Worse is to come. Just as the heirs of Timur the Great share intelligence, physical strength and utter ruthlessness, they also have a great weakness for wine and opium. Once Jahangir is tempted, his talented wife, Mehrunissa, is only too willing to take up the reins of empire. She’ll stop at nothing, not even seizing Khurram’s young sons, to keep the throne in her grip. And with Khurram and his half-brothers each still determined to be their father’s heir, the savage battle for the Moghul throne will be more ferocious than even Timur could have imagined.

===The Serpent’s Tooth===
The new Moghul Emperor Shah Jahan reigns over a colossally wealthy empire of 100 million souls. Yet to gain his throne he has followed the savage ‘throne or coffin’ traditions of his ancestors – descendants of Genghis Khan and Tamburlaine. Ever since the Moghuls took India, brother has fought brother and sons their fathers for the prize and Shah Jahan has been no exception.

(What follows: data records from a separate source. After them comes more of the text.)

(* Let $n$ be even and let $v_0,\dots,v_{n+1}\in\mathbb{R}^n$ be hereditarily spanning. Then $dP(v_0,\dots,v_{n+1})=0$.
   Context: For $v_1,\dots,v_n\in\mathbb{R}^n$, $\mathrm{Or}(v_1,\dots,v_n)\in\{-1,0,1\}$ is the sign of $\det(v_1,\dots,v_n)$ (zero if not a basis). Define $P:(\mathbb{R}^n)^{n+1}\to\{-1,0,1\}$ by $P(v_0,\dots,v_n)=\prod_{i=0}^n\mathrm{Or}(v_0,\dots,\widehat{v_i},\dots,v_n)$. A $k$-tuple ($k\ge n$) of vectors in $\mathbb{R}^n$ is hereditarily spanning if every subcollection of $n$ of its elements spans $\mathbb{R}^n$. The coboundary is $dP(v_0,\dots,v_{n+1})=\sum_{i=0}^{n+1}(-1)^iP(v_0,\dots,\widehat{v_i},\dots,v_{n+1})$. *)

theory Defs
  imports "Jordan_Normal_Form.Determinant" "Jordan_Normal_Form.VS_Connect"
begin

definition omit :: "nat \<Rightarrow> 'a list \<Rightarrow> 'a list" where
  "omit i xs = take i xs @ drop (Suc i) xs"

definition Or :: "nat \<Rightarrow> real vec list \<Rightarrow> real" where
  "Or n vs = sgn (det (mat_of_cols n vs))"

definition P :: "nat \<Rightarrow> real vec list \<Rightarrow> real" where
  "P n vs = (\<Prod>i\<in>{0..n}. Or n (omit i vs))"

definition dP :: "nat \<Rightarrow> real vec list \<Rightarrow> real" where
  "dP n vs = (\<Sum>i\<in>{0..n+1}. (-1)^i * P n (omit i vs))"

definition hereditarily_spanning :: "nat \<Rightarrow> real vec list \<Rightarrow> bool" where
  "hereditarily_spanning n vs \<longleftrightarrow> n \<le> length vs \<and> set vs \<subseteq> carrier_vec n \<and>
     (\<forall>S. S \<subseteq> {..<length vs} \<and> card S = n \<longrightarrow>
        LinearCombinations.module.span class_ring (module_vec TYPE(real) n) ((\<lambda>i. vs ! i) ` S) = carrier_vec n)"

end

theory Submission
  imports Defs
begin

(* Write v_n = M a and v_(n+1) = M b, where M is the (non-singular)
   matrix with columns v_0, ..., v_(n-1).  By Cramer's rule every maximal minor
   det(v with v_i, v_j omitted), i < j, equals -det M * cross2 (u_i, u_j) for
   explicit plane vectors u_0, ..., u_(n+1) (a planar Gale-type dual; here the
   evenness of n enters).  Hence dP is, up to a global sign, the sum over i of
   the products over j /= i of sgn cross2 (u_i, u_j).  All minors are non-zero,
   so the u_i are pairwise non-parallel, and such a sign sum over an even
   number of plane vectors is zero: removing a suitable pair of vectors
   multiplies it by a sign. *)

definition cross2 :: "real \<times> real \<Rightarrow> real \<times> real \<Rightarrow> real" where
  "cross2 p q = fst p * snd q - snd p * fst q"

lemma cross2_antisym: "cross2 a b = - cross2 b a"
  unfolding cross2_def by simp

lemma cross2_self: "cross2 a a = 0"
  unfolding cross2_def by simp

definition scale2 :: "real \<Rightarrow> real \<times> real \<Rightarrow> real \<times> real" where
  "scale2 c v = (c * fst v, c * snd v)"

lemma cross2_scale2_left [simp]: "cross2 (scale2 c a) b = c * cross2 a b"
  and cross2_scale2_right [simp]: "cross2 a (scale2 c b) = c * cross2 a b"
  unfolding cross2_def scale2_def by (simp_all add: algebra_simps)

lemma cross2_pluecker: "cross2 p b * cross2 a c = cross2 p a * cross2 b c + cross2 p c * cross2 a b"
  unfolding cross2_def by (simp add: algebra_simps)

lemma cross2_halfplane_trans:
  assumes "cross2 p a > 0" "cross2 p b > 0" "cross2 p c > 0" "cross2 a b > 0" "cross2 b c > 0"
  shows "cross2 a c > 0"
proof -
  have "cross2 p a * cross2 b c > 0" "cross2 p c * cross2 a b > 0"
    using assms by simp_all
  hence "cross2 p b * cross2 a c > 0" using cross2_pluecker[of p b a c] by linarith
  thus ?thesis using assms(2) by (rule zero_less_mult_pos)
qed

lemma halfplane_extreme:
  assumes fin: "finite J" and ne: "J \<noteq> {}"
    and half: "\<And>j. j \<in> J \<Longrightarrow> cross2 p (w j) > 0"
    and nonpar: "\<And>i j. i \<in> J \<Longrightarrow> j \<in> J \<Longrightarrow> i \<noteq> j \<Longrightarrow> cross2 (w i) (w j) \<noteq> 0"
  obtains q where "q \<in> J" "\<And>j. j \<in> J - {q} \<Longrightarrow> cross2 (w q) (w j) > 0"
proof -
  define after where "after q = {j\<in>J. cross2 (w q) (w j) > 0}" for q
  have "Max ((\<lambda>j. card (after j)) ` J) \<in> (\<lambda>j. card (after j)) ` J" using fin ne by simp
  then obtain q where qJ: "q \<in> J" and q: "card (after q) = Max ((\<lambda>j. card (after j)) ` J)"
    by auto
  have qmax: "card (after j) \<le> card (after q)" if "j \<in> J" for j
    unfolding q using fin that by simp
  have "cross2 (w q) (w j) > 0" if jJ: "j \<in> J - {q}" for j
  proof (rule ccontr)
    assume "\<not> cross2 (w q) (w j) > 0"
    moreover have "cross2 (w q) (w j) \<noteq> 0" using nonpar jJ qJ by auto
    ultimately have jq: "cross2 (w j) (w q) > 0" using cross2_antisym[of "w q" "w j"] by linarith
    have "after q \<subseteq> after j"
      using cross2_halfplane_trans[OF half half half jq] jJ qJ unfolding after_def by auto
    moreover have "q \<in> after j - after q" using jq qJ cross2_self[of "w q"] unfolding after_def by auto
    ultimately have "after q \<subset> after j" by blast
    hence "card (after q) < card (after j)" using fin unfolding after_def by (intro psubset_card_mono) auto
    thus False using qmax jJ by force
  qed
  thus ?thesis using qJ that by blast
qed

(* For a sign matrix s, the sum over i of the products of row i off the diagonal.
   Applied to s i j = sgn (cross2 (u i) (u j)) it is the sum that dP reduces to. *)
definition sign_sum :: "('a \<Rightarrow> 'a \<Rightarrow> real) \<Rightarrow> 'a set \<Rightarrow> real" where
  "sign_sum s I = (\<Sum>i\<in>I. \<Prod>j\<in>I - {i}. s i j)"

lemma even_power_of_unit: "even k \<Longrightarrow> (e::real) * e = 1 \<Longrightarrow> e ^ k = 1"
  by (metis dvdE power2_eq_square power_mult power_one)

(* Reduction step: if the row of q equals the row of p up to the sign s p q,
   then removing p and q multiplies the sign sum by s p q, because the two
   removed rows cancel and every other row changes by the same factor. *)
lemma sign_sum_insert_pair:
  fixes s :: "'a \<Rightarrow> 'a \<Rightarrow> real"
  assumes fin: "finite I" and new: "p \<notin> I" "q \<notin> I" "p \<noteq> q" and ev: "even (card I)"
    and antisym: "\<And>i j. s i j = - s j i"
    and unit: "s p q * s p q = 1" "\<And>i. i \<in> I \<Longrightarrow> e i * e i = 1"
    and row_p: "\<And>i. i \<in> I \<Longrightarrow> s p i = e i"
    and row_q: "\<And>i. i \<in> I \<Longrightarrow> s q i = s p q * e i"
  shows "sign_sum s (insert p (insert q I)) = s p q * sign_sum s I"
proof -
  define E where "E = s p q"
  have term_p: "(\<Prod>j\<in>insert q I. s p j) = E * (\<Prod>i\<in>I. e i)"
    using fin new row_p by (simp add: E_def cong: prod.cong)
  have term_q: "(\<Prod>j\<in>insert p I. s q j) = - E * (\<Prod>i\<in>I. e i)"
  proof -
    have "(\<Prod>j\<in>insert p I. s q j) = - E * (\<Prod>i\<in>I. E * e i)"
      using fin new row_q antisym[of q p] by (simp add: E_def cong: prod.cong)
    also have "(\<Prod>i\<in>I. E * e i) = E ^ card I * (\<Prod>i\<in>I. e i)"
      by (simp add: prod.distrib)
    finally show ?thesis using even_power_of_unit[OF ev] unit(1) by (simp add: E_def)
  qed
  have term_i: "(\<Prod>j\<in>insert p (insert q I) - {i}. s i j) = E * (\<Prod>j\<in>I - {i}. s i j)"
    if iI: "i \<in> I" for i
  proof -
    have "insert p (insert q I) - {i} = insert p (insert q (I - {i}))" using new iI by auto
    hence "(\<Prod>j\<in>insert p (insert q I) - {i}. s i j) = (- e i) * (- (E * e i)) * (\<Prod>j\<in>I - {i}. s i j)"
      using fin new iI antisym[of i p] antisym[of i q] row_p row_q by (simp add: E_def)
    thus ?thesis using unit(2)[OF iI] by (simp add: algebra_simps)
  qed
  have "sign_sum s (insert p (insert q I)) =
      (\<Prod>j\<in>insert q I. s p j) + (\<Prod>j\<in>insert p I. s q j) + (\<Sum>i\<in>I. \<Prod>j\<in>insert p (insert q I) - {i}. s i j)"
    unfolding sign_sum_def using fin new by (simp add: insert_Diff_if)
  also have "\<dots> = E * sign_sum s I"
    unfolding term_p term_q sign_sum_def by (simp add: term_i sum_distrib_left)
  finally show ?thesis unfolding E_def .
qed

As his reign dawns, now is the time for Shah Jahan to secure his throne by crushing his enemies. Instead, devastated by the death of his beautiful wife Mumtaz, he becomes obsessed with building an epic monument to their perfect love – the Taj Mahal. His overwhelming grief isolates him from his sons and he does not see the rivalries, indeed hatreds, building between them. When he falls ill, civil war breaks out – ruthless, murderous and uncontrollable and the foundations of the empire itself shake.

===Traitors in the Shadows===
A new emperor, Aurangzeb, sits on India’s glittering Peacock Throne – the throne he seized from his father while the old emperor still lived. He has paid for it with blood: during the brutal civil war he hunted down and killed his brothers. Now he must return the Moghul Empire to the true path and achieve new glory. But the exercise of great power is isolating. With enemies everywhere, who should he trust? Certainly not his sons. He must rely on himself and the knowledge that there are more ways to subdue a man than on the battlefield. But as the years pass memories haunt him – memories of a father who never loved him and a mother who lies in the Taj Mahal; of murdered brothers and of sons and daughters locked in sunless prisons. He tells himself that everything he has done has been necessary – moral, even.

== Adaptations ==

=== Television ===

The Empire is an Indian television adaptation of the books created by Nikkhil Advani for Disney+ Hotstar. The first season of the series adapts first volume of the novel series and stars Kunal Kapoor, Drashti Dhami, Shabana Azmi, and Dino Morea among others. The first season debuted on 27 August 2021 on Disney+ Hotstar and Hotstar globally.